START Dataset content

section \<open>Integer lattices\<close>

lemma dvd_bounded_cases:
  fixes m :: int
  assumes "N dvd m" "\<bar>m\<bar> < 2 * N"
  shows "m = 0 \<or> m = N \<or> m = - N"
proof -
  obtain k where m: "m = N * k"
    using assms(1) by (auto elim: dvdE)
  have "N > 0"
    using assms(2) by linarith
  then have "\<bar>k\<bar> < 2"
    using assms(2) by (simp add: m abs_mult)
  then have "k = 0 \<or> k = 1 \<or> k = -1"
    by linarith
  then show ?thesis
    using m by auto
qed

lemma dvd_mult_iff_div_gcd_dvd:
  fixes x a N :: int
  assumes "N \<noteq> 0"
  shows "N dvd x * a \<longleftrightarrow> N div gcd a N dvd x"
proof -
  define d a' p where "d = gcd a N" and "a' = a div d" and "p = N div d"
  have "d \<noteq> 0"
    using assms by (simp add: d_def)
  have a: "a = a' * d" and N: "N = p * d"
    by (simp_all add: d_def a'_def p_def)
  have "coprime p a'"
    using div_gcd_coprime[of a N] assms by (simp add: d_def a'_def p_def coprime_commute)
  have "N dvd x * a \<longleftrightarrow> p * d dvd (x * a') * d"
    by (subst a, subst N) (simp add: ac_simps)
  also have "\<dots> \<longleftrightarrow> p dvd x"
    using \<open>d \<noteq> 0\<close> \<open>coprime p a'\<close> by (simp add: coprime_dvd_mult_left_iff)
  finally show ?thesis
    by (simp add: p_def d_def)
qed

lemma kernel_second_coordinates:
  fixes a b N y :: int
  assumes "N \<noteq> 0"
  shows "(\<exists>x. N dvd x * a + y * b) \<longleftrightarrow> gcd a N div gcd (gcd a N) b dvd y"
proof -
  define d e where "d = gcd a N" and "e = gcd d b"
  have "d \<noteq> 0" "e \<noteq> 0"
    using assms by (simp_all add: d_def e_def)
  obtain s m where d: "d = s * e" and b: "b = m * e" and "coprime s m"
    using gcd_coprime_exists[of d b] \<open>e \<noteq> 0\<close> unfolding e_def by blast
  have "d div e = s"
    using d \<open>e \<noteq> 0\<close> by simp
  show ?thesis
    unfolding d_def[symmetric] e_def[symmetric] \<open>d div e = s\<close>
  proof
    assume "\<exists>x. N dvd x * a + y * b"
    then obtain x where "N dvd x * a + y * b"
      by blast
    moreover have "d dvd N"
      by (simp add: d_def)
    ultimately have "d dvd x * a + y * b"
      by (rule dvd_trans[rotated])
    then have "d dvd y * b"
      by (simp add: d_def dvd_add_right_iff)
    then have "s * e dvd (y * m) * e"
      by (simp add: d b ac_simps)
    then show "s dvd y"
      using \<open>e \<noteq> 0\<close> \<open>coprime s m\<close> by (simp add: coprime_dvd_mult_left_iff)
  next
    assume "s dvd y"
    then obtain j where y: "y = s * j"
      by (rule dvdE)
    obtain u v where uv: "u * a + v * N = d"
      using bezout_int[of a N] by (auto simp: d_def)
    have "(- u * m * j) * a + y * b = m * j * (d - u * a)"
      unfolding y d b by (simp add: algebra_simps)
    also have "\<dots> = N * (m * j * v)"
      unfolding uv[symmetric] by (simp add: algebra_simps)
    finally show "\<exists>x. N dvd x * a + y * b"
      by (intro exI[of _ "- u * m * j"]) simp
  qed
qed
(* Let $\mathbb{F}$ be a field and let $n,k$ be integers with $n>k>1$. Let $l$ be a positive integer such that $l<2^{n-k}$ and the binary decomposition of $l$ contains at most $k$ digits equal to $1$. Then there exists a unital $\mathbb{F}$-algebra $\mathcal{A}$ with $\dim\mathcal{A}=n$ and $l(\mathcal{A})=l$.
   Context: All algebras are finite-dimensional, unital, not necessarily associative algebras over the field $\mathbb{F}$. For a finite generating set $S$ of an algebra $\mathcal{A}$, a word in $S$ is any product (with any bracketing) of finitely many elements of $S$; its length is the number of factors, and $1$ is a word of length $0$. $L_i(S)$ is the linear span of all words in $S$ of length at most $i$. The length of $S$ is $l(S)=\min\{k\ge0: L_k(S)=\mathcal{A}\}$, and $l(\mathcal{A})=\max\{l(S): S\text{ a finite generating set of }\mathcal{A}\}$. *)

theory Defs
  imports Main
begin

text \<open>An n-dimensional (not necessarily associative) algebra over a field 'f is
  represented by structure constants c: the carrier is F^n, realised as the functions
  nat => 'f vanishing outside {0..<n}; the product of basis vectors e_i e_j is
  (c i j k)_k.  Every finite-dimensional algebra is isomorphic to one of these.\<close>

definition carrier_n :: "nat \<Rightarrow> (nat \<Rightarrow> 'f::field) set" where
  "carrier_n n = {v. \<forall>i\<ge>n. v i = 0}"

definition sc_mult :: "nat \<Rightarrow> (nat \<Rightarrow> nat \<Rightarrow> nat \<Rightarrow> 'f::field)
    \<Rightarrow> (nat \<Rightarrow> 'f) \<Rightarrow> (nat \<Rightarrow> 'f) \<Rightarrow> (nat \<Rightarrow> 'f)" where
  "sc_mult n c x y = (\<lambda>k. if k < n then (\<Sum>i<n. \<Sum>j<n. x i * y j * c i j k) else 0)"

definition is_unit_of :: "nat \<Rightarrow> (nat \<Rightarrow> nat \<Rightarrow> nat \<Rightarrow> 'f::field) \<Rightarrow> (nat \<Rightarrow> 'f) \<Rightarrow> bool" where
  "is_unit_of n c e \<longleftrightarrow> e \<in> carrier_n n \<and>
     (\<forall>x\<in>carrier_n n. sc_mult n c e x = x \<and> sc_mult n c x e = x)"

definition unital_sc :: "nat \<Rightarrow> (nat \<Rightarrow> nat \<Rightarrow> nat \<Rightarrow> 'f::field) \<Rightarrow> bool" where
  "unital_sc n c \<longleftrightarrow> (\<exists>e. is_unit_of n c e)"

definition lin_span :: "(nat \<Rightarrow> 'f::field) set \<Rightarrow> (nat \<Rightarrow> 'f) set" where
  "lin_span A = {v. \<exists>T a. finite T \<and> T \<subseteq> A \<and> v = (\<lambda>k. \<Sum>x\<in>T. a x * x k)}"

text \<open>Words in S together with their length (number of factors); the unit e is the
  word of length 0; any bracketing is allowed.\<close>
inductive_set words :: "('v \<Rightarrow> 'v \<Rightarrow> 'v) \<Rightarrow> 'v \<Rightarrow> 'v set \<Rightarrow> ('v \<times> nat) set"
  for mul e S where
  w_one: "(e, 0) \<in> words mul e S"
| w_gen: "s \<in> S \<Longrightarrow> (s, 1) \<in> words mul e S"
| w_mul: "(x, a) \<in> words mul e S \<Longrightarrow> (y, b) \<in> words mul e S \<Longrightarrow> (mul x y, a + b) \<in> words mul e S"

definition L_sc :: "nat \<Rightarrow> (nat \<Rightarrow> nat \<Rightarrow> nat \<Rightarrow> 'f::field) \<Rightarrow> (nat \<Rightarrow> 'f) \<Rightarrow> (nat \<Rightarrow> 'f) set
    \<Rightarrow> nat \<Rightarrow> (nat \<Rightarrow> 'f) set" where
  "L_sc n c e S i = lin_span {x. \<exists>j\<le>i. (x, j) \<in> words (sc_mult n c) e S}"

definition generating_sc :: "nat \<Rightarrow> (nat \<Rightarrow> nat \<Rightarrow> nat \<Rightarrow> 'f::field) \<Rightarrow> (nat \<Rightarrow> 'f) \<Rightarrow> (nat \<Rightarrow> 'f) set \<Rightarrow> bool" where
  "generating_sc n c e S \<longleftrightarrow> finite S \<and> S \<subseteq> carrier_n n \<and> (\<Union>i. L_sc n c e S i) = carrier_n n"

definition length_set_sc :: "nat \<Rightarrow> (nat \<Rightarrow> nat \<Rightarrow> nat \<Rightarrow> 'f::field) \<Rightarrow> (nat \<Rightarrow> 'f) \<Rightarrow> (nat \<Rightarrow> 'f) set \<Rightarrow> nat" where
  "length_set_sc n c e S = (LEAST k. L_sc n c e S k = carrier_n n)"

definition algebra_length_is :: "nat \<Rightarrow> (nat \<Rightarrow> nat \<Rightarrow> nat \<Rightarrow> 'f::field) \<Rightarrow> nat \<Rightarrow> bool" where
  "algebra_length_is n c m \<longleftrightarrow> (\<exists>e. is_unit_of n c e \<and>
     (\<exists>S. generating_sc n c e S \<and> length_set_sc n c e S = m) \<and>
     (\<forall>S. generating_sc n c e S \<longrightarrow> length_set_sc n c e S \<le> m))"

fun ones_count :: "nat \<Rightarrow> nat" where
  "ones_count m = (if m = 0 then 0 else m mod 2 + ones_count (m div 2))"

declare ones_count.simps[simp del]

end

theory Submission
  imports Defs "HOL-Library.Function_Algebras" HOL.Modules
begin
lemma card_dyson:
  assumes "finite A" "finite B" "e \<in> carrier G" "B \<subseteq> carrier G"
  shows "card (dyson_left G e A B) + card (dyson_right G e A B) = card A + card B"
proof -
  let ?Be = "dyson_right G e A B"
  have "dyson_left G e A B = A \<union> (e <# (B - ?Be))"
    by (auto simp: dyson_left_def dyson_right_def mem_l_coset_iff)
  moreover have "A \<inter> (e <# (B - ?Be)) = {}"
    by (auto simp: dyson_right_def mem_l_coset_iff)
  moreover have "card (e <# (B - ?Be)) + card ?Be = card B"
  proof -
    have "?Be \<subseteq> B" "finite ?Be"
      using assms(2) by (auto simp: dyson_right_def)
    moreover have "card (e <# (B - ?Be)) = card (B - ?Be)"
      using assms(3,4) by (intro card_l_coset) auto
    moreover have "card ?Be \<le> card B"
      using assms(2) \<open>?Be \<subseteq> B\<close> by (rule card_mono)
    ultimately show ?thesis
      by (simp add: card_Diff_subset)
  qed
  ultimately show ?thesis
    using assms(1,2) by (simp add: card_Un_disjoint finite_l_coset)
qed

lemma stab_dyson_left:
  assumes "e \<in> carrier G" "B \<subseteq> carrier G"
  shows "stab G A \<inter> stab G B \<subseteq> stab G (dyson_left G e A B)"
  using assms by (fastforce simp: mem_stab_iff dyson_left_def mem_l_coset_iff m_lcomm subset_iff)

lemma stab_dyson_right:
  assumes "e \<in> carrier G" "B \<subseteq> carrier G"
  shows "stab G A \<inter> stab G B \<subseteq> stab G (dyson_right G e A B)"
  using assms by (fastforce simp: mem_stab_iff dyson_right_def m_lcomm subset_iff)

end

section \<open>Kneser's theorem\<close>

definition kneser_ineq :: "('a, 'b) monoid_scheme \<Rightarrow> 'a set \<Rightarrow> 'a set \<Rightarrow> bool" where
  "kneser_ineq G A B \<longleftrightarrow>
     card (A <#>\<^bsub>G\<^esub> stab G (A <#>\<^bsub>G\<^esub> B)) + card (B <#>\<^bsub>G\<^esub> stab G (A <#>\<^bsub>G\<^esub> B))
       \<le> card (A <#>\<^bsub>G\<^esub> B) + card (stab G (A <#>\<^bsub>G\<^esub> B))"

lemma kneser_ineq_mono:
  fixes G (structure)
  assumes "A \<subseteq> A'" "B \<subseteq> B'" "A' <#> B' = A <#> B"
    and "finite A'" "finite B'" "finite (stab G (A <#> B))"
    and "kneser_ineq G A' B'"
  shows "kneser_ineq G A B"
proof -
  let ?H = "stab G (A <#> B)"
  have "card (A <#> ?H) \<le> card (A' <#> ?H)"
    by (rule card_mono[OF finite_set_mult[OF assms(4,6)] mono_set_mult[OF assms(1) order_refl]])
  moreover have "card (B <#> ?H) \<le> card (B' <#> ?H)"
    by (rule card_mono[OF finite_set_mult[OF assms(5,6)] mono_set_mult[OF assms(2) order_refl]])
  ultimately show ?thesis
    using assms(3,7) by (simp add: kneser_ineq_def)
qed

locale kneser_counterexample = comm_group +
  fixes A B :: "'a set"
  assumes finite_A: "finite A" and A_nonempty: "A \<noteq> {}" and A_carrier: "A \<subseteq> carrier G"
    and finite_B: "finite B" and B_nonempty: "B \<noteq> {}" and B_carrier: "B \<subseteq> carrier G"
    and not_kneser: "\<not> kneser_ineq G A B"
    and kneser_smaller:
      "\<And>A' B'. \<lbrakk>finite A'; A' \<noteq> {}; A' \<subseteq> carrier G; finite B'; B' \<noteq> {}; B' \<subseteq> carrier G;
          card (A' <#> B') < card (A <#> B) \<or>
          card (A' <#> B') = card (A <#> B) \<and> card A + card B < card A' + card B' \<or>
          card (A' <#> B') = card (A <#> B) \<and> card A' + card B' = card A + card B \<and> card B' < card B\<rbrakk>
        \<Longrightarrow> kneser_ineq G A' B'"
begin

abbreviation "C \<equiv> A <#> B"
abbreviation "H \<equiv> stab G C"

lemma C_carrier: "C \<subseteq> carrier G"
  using A_carrier B_carrier by (rule set_mult_closed)

lemma finite_C: "finite C"
  using finite_A finite_B by (rule finite_set_mult)

lemma finite_H: "finite H"
proof -
  obtain a b where "a \<in> A" "b \<in> B"
    using A_nonempty B_nonempty by blast
  then show ?thesis
    using finite_A A_carrier finite_B B_carrier by (auto intro: stab_set_mult_finite_subgroup)
qed

lemma card_A_le_C: "card A \<le> card C"
proof -
  obtain b where "b \<in> B"
    using B_nonempty by blast
  then have "card A \<le> card (B <#> A)"
    using finite_A finite_B A_carrier B_carrier by (intro card_le_card_set_mult)
  then show ?thesis
    using A_carrier B_carrier by (simp add: set_mult_comm)
qed

lemma same_product_extension_eq:
  assumes "A \<subseteq> A'" "B \<subseteq> B'" "A' <#> B' = C"
    and "finite A'" "A' \<subseteq> carrier G" "finite B'" "B' \<subseteq> carrier G"
  shows "A' = A \<and> B' = B"
proof (rule ccontr)
  assume "\<not> (A' = A \<and> B' = B)"
  then consider "A \<subset> A'" | "B \<subset> B'"
    using assms(1,2) by blast
  then have "card A < card A' \<or> card B < card B'"
    by cases (use assms(4,6) psubset_card_mono in blast)+
  moreover have "card A \<le> card A'" "card B \<le> card B'"
    using assms(1,2,4,6) by (auto intro: card_mono)
  ultimately have "card A + card B < card A' + card B'"
    by linarith
  then have "kneser_ineq G A' B'"
    using assms A_nonempty B_nonempty by (intro kneser_smaller) auto
  with assms(1-4,6) finite_H have "kneser_ineq G A B"
    by (rule kneser_ineq_mono)
  with not_kneser show False ..
qed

END Dataset content

§ Your task: The answer must be every line from the records above that contains the word "abbreviation", copied in full.

§ Task answer:
abbreviation "C \<equiv> A <#> B"
abbreviation "H \<equiv> stab G C"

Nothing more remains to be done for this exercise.